To rationalise the fact that we’ve put a task aside to feel better, we tell ourselves we’ll be less tired, more positive and more capable in future. We paint our future self as a superhero, and so this self begins to seem unattainable, abstract and unreal. We don’t identify with it any more.

Who is more likely to procrastinate?

People who are prone to negative moods such as worry, anxiety or fear are more likely to procrastinate. They already have a high level of negative mood so an unpleasant task makes them want to back away from it.

Some people are not very good at thinking about the future or planning. They prioritise feeling good now, and so procrastinate. People who can think about the future and plan can balance short-term negative feelings with the thought of future rewards.

It just adds to stress

Although in the short term we feel better because we’ve put something off, the task preoccupies our thoughts and makes us anxious. I can vouch for this! The thing I had been putting off kept creeping up on me in my most vulnerable moments – for instance when trying to get to sleep – and hitting me with terrible anxiety. 

But today I did it, so there is hope for us all!

3 Top Tips to beat procrastination

1 Set achievable goals

Break down big tasks so they’re not so overwhelming and don’t activate those negative emotions. Louise Minchin, BBC presenter and Team GB triathlete, says that taking small steps helps her. She undertakes small tasks to avoid a future task being really painful: for instance she will go for a long run because she has a triathlon coming up and needs to be fit.

As writers, we can set ourselves daily or weekly wordcounts rather than focusing on writing a whole article or book.

2 Think positively about the task

The true secret to overcoming procrastination is managing our negative emotions about a task. In a two-week trial, people were given tasks. They were taught to either tolerate their negative emotions about a task, or reappraise it more positively. Compared to group without these instructions, their level of procrastination went down. This is an amazing achievement in only two weeks.

Find something positive in the process of the task (not just the goal, which might seem too far away to motivate you). Think what you’ll learn through the process.

You're a writer because deep down, you enjoy it. Few activities are more likely to get you in the ‘flow’, reducing external stress and making time go by in a rush of creative fulfillment.
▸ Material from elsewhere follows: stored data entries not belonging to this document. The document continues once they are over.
(* Let $K$ be a non-archimedean local field with $\mathrm{char}(K)=0$, and let $G$ be a discrete subgroup of $\mathrm{PSL}_2(K)$ with no $2$-torsion. If $g,h\in G$ are elliptic, then either $F(g)\cap F(h)=\varnothing$, or $\mathrm{Fix}(g)\subseteq\mathrm{Fix}(h)$, or $\mathrm{Fix}(h)\subseteq\mathrm{Fix}(g)$.
   Context: $\mathrm{PSL}_2(K)$ acts by isometries on its Bruhat--Tits tree $T_K$; an element is elliptic if it fixes a vertex of $T_K$, and $\mathrm{Fix}(g)$ is its fixed point set in $T_K$. For elliptic $g$, $F(g)=\bigcup\{\mathrm{Fix}(g^i): i\in\mathbb{Z},\ g^i\neq 1\}$. *)

theory Defs
  imports Main
begin

text \<open>The field K is a type of class field_char_0 (characteristic 0); v is a
normalized discrete valuation, meaningful only on nonzero elements.\<close>

definition vint :: "('a::field \<Rightarrow> int) \<Rightarrow> 'a \<Rightarrow> bool" where
  "vint v x \<longleftrightarrow> x = 0 \<or> v x \<ge> 0"

definition vsmall :: "('a::field \<Rightarrow> int) \<Rightarrow> int \<Rightarrow> 'a \<Rightarrow> bool" where
  "vsmall v N x \<longleftrightarrow> x = 0 \<or> v x \<ge> N"

definition nonarch_local_field :: "('a::field_char_0 \<Rightarrow> int) \<Rightarrow> bool" where
  "nonarch_local_field v \<longleftrightarrow>
     (\<forall>x y. x \<noteq> 0 \<longrightarrow> y \<noteq> 0 \<longrightarrow> v (x * y) = v x + v y)
   \<and> (\<forall>x y. x \<noteq> 0 \<longrightarrow> y \<noteq> 0 \<longrightarrow> x + y \<noteq> 0 \<longrightarrow> v (x + y) \<ge> min (v x) (v y))
   \<and> (\<exists>\<pi>. \<pi> \<noteq> 0 \<and> v \<pi> = 1)
   \<and> (\<exists>S. finite S \<and> (\<forall>x. vint v x \<longrightarrow> (\<exists>s\<in>S. vsmall v 1 (x - s))))
   \<and> (\<forall>f :: nat \<Rightarrow> 'a. (\<forall>N. \<exists>M. \<forall>m\<ge>M. \<forall>n\<ge>M. vsmall v N (f m - f n))
         \<longrightarrow> (\<exists>L. \<forall>N. \<exists>M. \<forall>n\<ge>M. vsmall v N (f n - L)))"

type_synonym 'a mat2 = "'a \<times> 'a \<times> 'a \<times> 'a"  (* (a,b,c,d) = [[a,b],[c,d]] *)
type_synonym 'a psl2 = "'a mat2 set"            (* class {A, -A} *)

definition sl2 :: "'a::field mat2 set" where
  "sl2 = {(a,b,c,d). a * d - b * c = 1}"

definition mneg :: "'a::field mat2 \<Rightarrow> 'a mat2" where
  "mneg = (\<lambda>(a,b,c,d). (-a,-b,-c,-d))"

definition mmul :: "'a::field mat2 \<Rightarrow> 'a mat2 \<Rightarrow> 'a mat2" where
  "mmul = (\<lambda>(a,b,c,d) (e,f,g,h). (a*e+b*g, a*f+b*h, c*e+d*g, c*f+d*h))"

definition minv :: "'a::field mat2 \<Rightarrow> 'a mat2" where
  "minv = (\<lambda>(a,b,c,d). (d,-b,-c,a))"

definition mid :: "'a::field mat2" where
  "mid = (1,0,0,1)"

definition pcls :: "'a::field mat2 \<Rightarrow> 'a psl2" where
  "pcls A = {A, mneg A}"

definition PSL2 :: "'a::field psl2 set" where
  "PSL2 = pcls ` sl2"

definition pone :: "'a::field psl2" where
  "pone = pcls mid"

definition pmul :: "'a::field psl2 \<Rightarrow> 'a psl2 \<Rightarrow> 'a psl2" where
  "pmul X Y = {mmul A B | A B. A \<in> X \<and> B \<in> Y}"

definition pinv :: "'a::field psl2 \<Rightarrow> 'a psl2" where
  "pinv X = minv ` X"

primrec ppow :: "'a::field psl2 \<Rightarrow> nat \<Rightarrow> 'a psl2" where
  "ppow X 0 = pone"
| "ppow X (Suc n) = pmul X (ppow X n)"

definition pzpow :: "'a::field psl2 \<Rightarrow> int \<Rightarrow> 'a psl2" where
  "pzpow X i = (if i \<ge> 0 then ppow X (nat i) else ppow (pinv X) (nat (- i)))"

definition subgroup_PSL2 :: "'a::field psl2 set \<Rightarrow> bool" where
  "subgroup_PSL2 G \<longleftrightarrow> G \<subseteq> PSL2 \<and> pone \<in> G
     \<and> (\<forall>X\<in>G. \<forall>Y\<in>G. pmul X Y \<in> G) \<and> (\<forall>X\<in>G. pinv X \<in> G)"

definition near_id :: "('a::field \<Rightarrow> int) \<Rightarrow> int \<Rightarrow> 'a mat2 \<Rightarrow> bool" where
  "near_id v N = (\<lambda>(a,b,c,d). vsmall v N (a - 1) \<and> vsmall v N b \<and> vsmall v N c
                             \<and> vsmall v N (d - 1))"

definition discrete_subgroup :: "('a::field \<Rightarrow> int) \<Rightarrow> 'a psl2 set \<Rightarrow> bool" where
  "discrete_subgroup v G \<longleftrightarrow> subgroup_PSL2 G \<and>
     (\<exists>N. \<forall>X\<in>G. (\<exists>A\<in>X. near_id v N A) \<longrightarrow> X = pone)"

definition no_2_torsion :: "'a::field psl2 set \<Rightarrow> bool" where
  "no_2_torsion G \<longleftrightarrow> (\<forall>X\<in>G. pmul X X = pone \<longrightarrow> X = pone)"

definition lattice_of :: "('a::field \<Rightarrow> int) \<Rightarrow> 'a \<times> 'a \<Rightarrow> 'a \<times> 'a \<Rightarrow> ('a \<times> 'a) set" where
  "lattice_of v e1 e2 = {(a * fst e1 + b * fst e2, a * snd e1 + b * snd e2) | a b.
                           vint v a \<and> vint v b}"

definition is_lattice :: "('a::field \<Rightarrow> int) \<Rightarrow> ('a \<times> 'a) set \<Rightarrow> bool" where
  "is_lattice v L \<longleftrightarrow> (\<exists>e1 e2. fst e1 * snd e2 - snd e1 * fst e2 \<noteq> 0 \<and> L = lattice_of v e1 e2)"

definition hclass :: "('a::field \<times> 'a) set \<Rightarrow> ('a \<times> 'a) set set" where
  "hclass L = {(\<lambda>(x,y). (c * x, c * y)) ` L | c. c \<noteq> 0}"

definition BT_vertices :: "('a::field \<Rightarrow> int) \<Rightarrow> ('a \<times> 'a) set set set" where
  "BT_vertices v = {hclass L | L. is_lattice v L}"

definition mat_act :: "'a::field mat2 \<Rightarrow> 'a \<times> 'a \<Rightarrow> 'a \<times> 'a" where
  "mat_act = (\<lambda>(a,b,c,d) (x,y). (a * x + b * y, c * x + d * y))"

definition vert_act :: "'a::field mat2 \<Rightarrow> ('a \<times> 'a) set set \<Rightarrow> ('a \<times> 'a) set set" where
  "vert_act A X = (\<lambda>L. mat_act A ` L) ` X"

text \<open>Fixed vertices of g (PSL_2 acts on T_K without inversions, so the fixed
subtree is determined by its vertex set).\<close>

definition Fix :: "('a::field \<Rightarrow> int) \<Rightarrow> 'a psl2 \<Rightarrow> ('a \<times> 'a) set set set" where
  "Fix v g = {X \<in> BT_vertices v. \<forall>A\<in>g. vert_act A X = X}"

definition elliptic :: "('a::field \<Rightarrow> int) \<Rightarrow> 'a psl2 \<Rightarrow> bool" where
  "elliptic v g \<longleftrightarrow> Fix v g \<noteq> {}"

definition Fall :: "('a::field \<Rightarrow> int) \<Rightarrow> 'a psl2 \<Rightarrow> ('a \<times> 'a) set set set" where
  "Fall v g = \<Union>{Fix v (pzpow g i) | i. pzpow g i \<noteq> pone}"

end

theory Submission
  imports Defs "HOL-Algebra.Group"
begin

section \<open>Two-by-two matrices\<close>

definition mdet :: "'a::field mat2 \<Rightarrow> 'a" where
  "mdet = (\<lambda>(a,b,c,d). a*d - b*c)"

definition mtr :: "'a::field mat2 \<Rightarrow> 'a" where
  "mtr = (\<lambda>(a,b,c,d). a + d)"

definition smat :: "'a::field \<Rightarrow> 'a mat2" where
  "smat k = (k,0,0,k)"

definition mlin :: "'a::field \<Rightarrow> 'a \<Rightarrow> 'a mat2 \<Rightarrow> 'a mat2" where
  "mlin x y = (\<lambda>(a,b,c,d). (x + y*a, y*b, y*c, x + y*d))"

definition in_span :: "'a::field mat2 \<Rightarrow> 'a mat2 \<Rightarrow> bool" where
  "in_span A M \<longleftrightarrow> (\<exists>x y. M = mlin x y A)"

definition nonscalar :: "'a::field mat2 \<Rightarrow> bool" where
  "nonscalar A \<longleftrightarrow> (\<forall>k. A \<noteq> smat k)"

primrec mpow :: "'a::field mat2 \<Rightarrow> nat \<Rightarrow> 'a mat2" where
  "mpow A 0 = mid"
| "mpow A (Suc n) = mmul A (mpow A n)"

definition mzpow :: "'a::field mat2 \<Rightarrow> int \<Rightarrow> 'a mat2" where
  "mzpow A i = (if i \<ge> 0 then mpow A (nat i) else mpow (minv A) (nat (- i)))"

lemmas mat_defs = mdet_def mtr_def smat_def mlin_def mmul_def minv_def mid_def mneg_def

lemma mmul_assoc: "mmul (mmul A B) C = mmul A (mmul B C)"
  by (cases A; cases B; cases C) (simp add: mat_defs algebra_simps)

lemma mmul_mid [simp]: "mmul mid A = A" "mmul A mid = A"
  by (cases A; simp add: mat_defs)+

lemma mdet_mmul: "mdet (mmul A B) = mdet A * mdet B"
  by (cases A; cases B) (simp add: mat_defs algebra_simps)

lemma mdet_mid [simp]: "mdet mid = 1"
  by (simp add: mat_defs)

lemma mdet_minv [simp]: "mdet (minv A) = mdet A"
  by (cases A) (simp add: mat_defs algebra_simps)

lemma mdet_mneg [simp]: "mdet (mneg A) = mdet A"
  by (cases A) (simp add: mat_defs algebra_simps)

lemma mneg_mneg [simp]: "mneg (mneg A) = A"
  by (cases A) (simp add: mat_defs)

lemma minv_minv [simp]: "minv (minv A) = A"
  by (cases A) (simp add: mat_defs)

lemma minv_left: "mdet A = 1 \<Longrightarrow> mmul (minv A) A = mid"
  by (cases A) (simp add: mat_defs algebra_simps)

lemma minv_right: "mdet A = 1 \<Longrightarrow> mmul A (minv A) = mid"
  by (cases A) (simp add: mat_defs algebra_simps)

lemma mmul_mneg: "mmul (mneg A) B = mneg (mmul A B)" "mmul A (mneg B) = mneg (mmul A B)"
  by (cases A; cases B; simp add: mat_defs algebra_simps)+

lemma minv_mneg: "minv (mneg A) = mneg (minv A)"
  by (cases A) (simp add: mat_defs)

lemma mneg_eq_mlin: "mneg A = mlin 0 (-1) A"
  by (cases A) (simp add: mat_defs)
Remember this when you’re approaching it with trepidation!

3 Be kind to yourself

Procrastinators often think they need to be stricter with themselves, but actually they need to be kinder. Have compassion and practise forgiveness as you would towards a friend. Being hard on yourself just adds to those negative emotions that will get in your way.

So now you know! I'm off to do some writing - how about you?